Plant-based protein sources deserve a place on our plates. From an environmental perspective, the impact of plant-based protein sources is many times smaller than that of animal-based protein sources (for example, the carbon footprint of peas is 0.2 kg Co2e/kg raw material, while the corresponding figure for beef is 26). It has also been predicted that at the current rate of population growth, there will not be enough animal protein to feed the planet's population by mid-century. From a health perspective, a higher proportion of plant-based protein sources has been associated with several positive effects. For example, plant-based protein sources are low in saturated fatty acids and cholesterol and rich in fiber, vitamins and minerals, helping to prevent many of today's common lifestyle diseases such as cardiovascular disease, type 2 diabetes and various oncological diseases.
Versatile legumes.
Legumes offer a great way to enrich your menu with plant-based protein sources. The choice of legumes is rich, and we have previously written about what you should know about legumes. There are many alternatives – store shelves are stocked with a wide selection of different varieties of beans, lentils and peas that can be used in salads, stews, soups, shaped into cutlets and even added to baked goods. The possibilities end where your imagination takes you! You can also buy products made from legumes such as tofu, tempeh and various cutlets. In addition to their many uses, regular consumption of legumes has been found to have several health benefits. Namely, legumes are high in protein and fiber, rich in vitamins and minerals, and low in fat. Thanks to their high fiber content, carbohydrates are absorbed slowly by the body during digestion, maintaining a stable blood sugar level after a meal (in other words, they have a low glycemic index). Fiber is also good 'food' for the bacteria living in our intestines, supporting the balance and health of the microbiome. However, in the case of finished products, attention must be paid to the fiber content, because there are products that use the whole legume as well as those that use protein extracted from the legume, which may not have the benefits associated with a high fiber content.
There are also some drawbacks to consuming protein from legumes. Namely, legumes contain antinutrients called phytates, which prevent the absorption of protein from them. Legumes can also cause various digestive problems in many people, which is why they are discouraged from consuming them.
Fermentation – a way to get the most out of legumes.

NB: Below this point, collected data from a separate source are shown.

lemma orthonormal_rows: "Q12 * transpose_mat Q12 = 1\<^sub>m (n1 + n2)" "Q34 * transpose_mat Q34 = 1\<^sub>m (n3 + n4)"
  using append_rows_orthonormal_rowsD[OF Q12 Q34] orth2 row_count
  unfolding Q_eq_append_rows by (simp_all add: add.assoc)

lemma data_blocks: "Wp = L11 * Q1" "Uf = L21 * Q1 + L22 * Q2" "Yf = L31 * Q1 + L32 * Q2 + L33 * Q3"
proof -
  have "Wp @\<^sub>r Uf @\<^sub>r Yf = L11 * Q1 @\<^sub>r (L21 * Q1 + L22 * Q2) @\<^sub>r (L31 * Q1 + (L32 * Q2 + L33 * Q3))"
    unfolding LQ
    using L11 L21 L22 L31 L32 L33 Q1 Q2 Q3
    by (simp add: lower_four_block_mult_append_rows[of _ n1 n1 _ "n2 + n3" _ "n2 + n3" _ l]
        lower_four_block_mult_append_rows[of _ n2 n2 _ n3 _ n3 _ l]
        append_rows_mult[of _ n2 n1 _ n3 _ l] add_append_rows[of _ n2 l _ n3])
  then show "Wp = L11 * Q1" "Uf = L21 * Q1 + L22 * Q2" "Yf = L31 * Q1 + L32 * Q2 + L33 * Q3"
    using Wp Uf Yf L11 L21 L22 L31 L32 L33 Q1 Q2 Q3
    by (simp_all add: append_rows_eq_iff[of _ n1 l _ _ "n2 + n3"] append_rows_eq_iff[of _ n2 l _ _ n3]
        assoc_add_mat[of _ n3 l])
qed

lemma pinv_mult_self: "pinv (Wp @\<^sub>r Uf) * (Wp @\<^sub>r Uf) = transpose_mat Q12 * Q12"
proof -
  let ?L = "four_block_mat L11 (0\<^sub>m n1 n2) L21 L22"
  have L: "?L \<in> carrier_mat (n1 + n2) (n1 + n2)"
    using L11 L22 by auto
  have "det ?L = det L11 * det L22"
    using L11 L21 L22 by (intro det_four_block_mat_upper_right_zero) auto
  then have "det ?L \<noteq> 0"
    using invertible_mat_det_nonzero L11 inv11 L22 inv22 by simp
  moreover have "Wp @\<^sub>r Uf = ?L * Q12"
    using L11 L21 L22 Q1 Q2 by (simp add: lower_four_block_mult_append_rows data_blocks)
  ultimately show ?thesis
    using pinv_mult_self_of_orthonormal_rows[OF L _ Q12 orthonormal_rows(1)] by simp
qed

lemma sqnorm_proj_perp:
  assumes a: "a \<in> carrier_vec l"
  shows "sqnorm ((1\<^sub>m l - pinv (Wp @\<^sub>r Uf) * (Wp @\<^sub>r Uf)) *\<^sub>v a) = sqnorm (Q3 *\<^sub>v a) + sqnorm (Q4 *\<^sub>v a)"
proof -
  let ?x = "transpose_mat Q12 *\<^sub>v (Q12 *\<^sub>v a)" and ?y = "transpose_mat Q34 *\<^sub>v (Q34 *\<^sub>v a)"
  have "a = transpose_mat Q *\<^sub>v (Q *\<^sub>v a)"
    using assoc_mult_mat_vec[of "transpose_mat Q" l l Q l a] orth1 Q a by simp
  also have "\<dots> = ?x + ?y"
    unfolding Q_eq_append_rows mat_mult_append[OF Q12 Q34 a] using Q12 Q34 a
    by (intro transpose_append_rows_mult_vec) auto
  finally have split: "a = ?x + ?y" .
  have "(1\<^sub>m l - transpose_mat Q12 * Q12) *\<^sub>v a = a - ?x"
    using Q12 a by (simp add: minus_mult_distrib_mat_vec[of _ l l] assoc_mult_mat_vec[of _ l "n1 + n2" Q12 l])
  also have "\<dots> = ?y"
  proof (rule eq_vecI)
    fix i assume "i < dim_vec ?y"
    then show "(a - ?x) $ i = ?y $ i"
      using arg_cong[OF split, of "\<lambda>v. v $ i"] Q1 Q3 a by simp
  qed (use Q1 Q3 in simp)
  finally have "(1\<^sub>m l - transpose_mat Q12 * Q12) *\<^sub>v a = ?y" .
  then have "sqnorm ((1\<^sub>m l - pinv (Wp @\<^sub>r Uf) * (Wp @\<^sub>r Uf)) *\<^sub>v a) = sqnorm (Q34 *\<^sub>v a)"
    using sqnorm_transpose_mult_vec[OF Q34 orthonormal_rows(2)] Q34 a by (simp add: pinv_mult_self)
  then show ?thesis
    using mat_mult_append[OF Q3 Q4 a] Q3 Q4 a by (simp add: sqnorm_append[of _ n3 _ n4])
qed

To increase the effectiveness of legumes, it is smart to consume them fermented. An example of a fermented legume is tempeh – A food product made from soybeans originating in Indonesia, which is very similar to tofu in its versatile uses. Tempeh has also reached the shelves of our stores, and not only from soybeans, but also from our own peas manufactured and as a domestic product.
So what does fermentation do to legumes? Namely, during fermentation, the antinutrients contained in legumes are broken down, thanks to which the body can absorb more of them, among other things, the protein contained in them becomes more accessible. Fermentation also makes legumes more easily digestible, allowing them to be consumed by many who cannot tolerate legumes in other forms. As a bonus, the flavor and aroma nuances inherent in fermentation are created, which bring variety and excitement to the table.
Beans, lentils and peas have been a traditional food on the table of our ancestors. Souring and fermentation as a method of food preparation has also been honored from generation to generation. Therefore, it can be said that some working solutions may be rediscovered old ones, and sometimes it is worth looking with a fresh eye to see if some distant technology can be applied to our own raw materials to further enhance their value.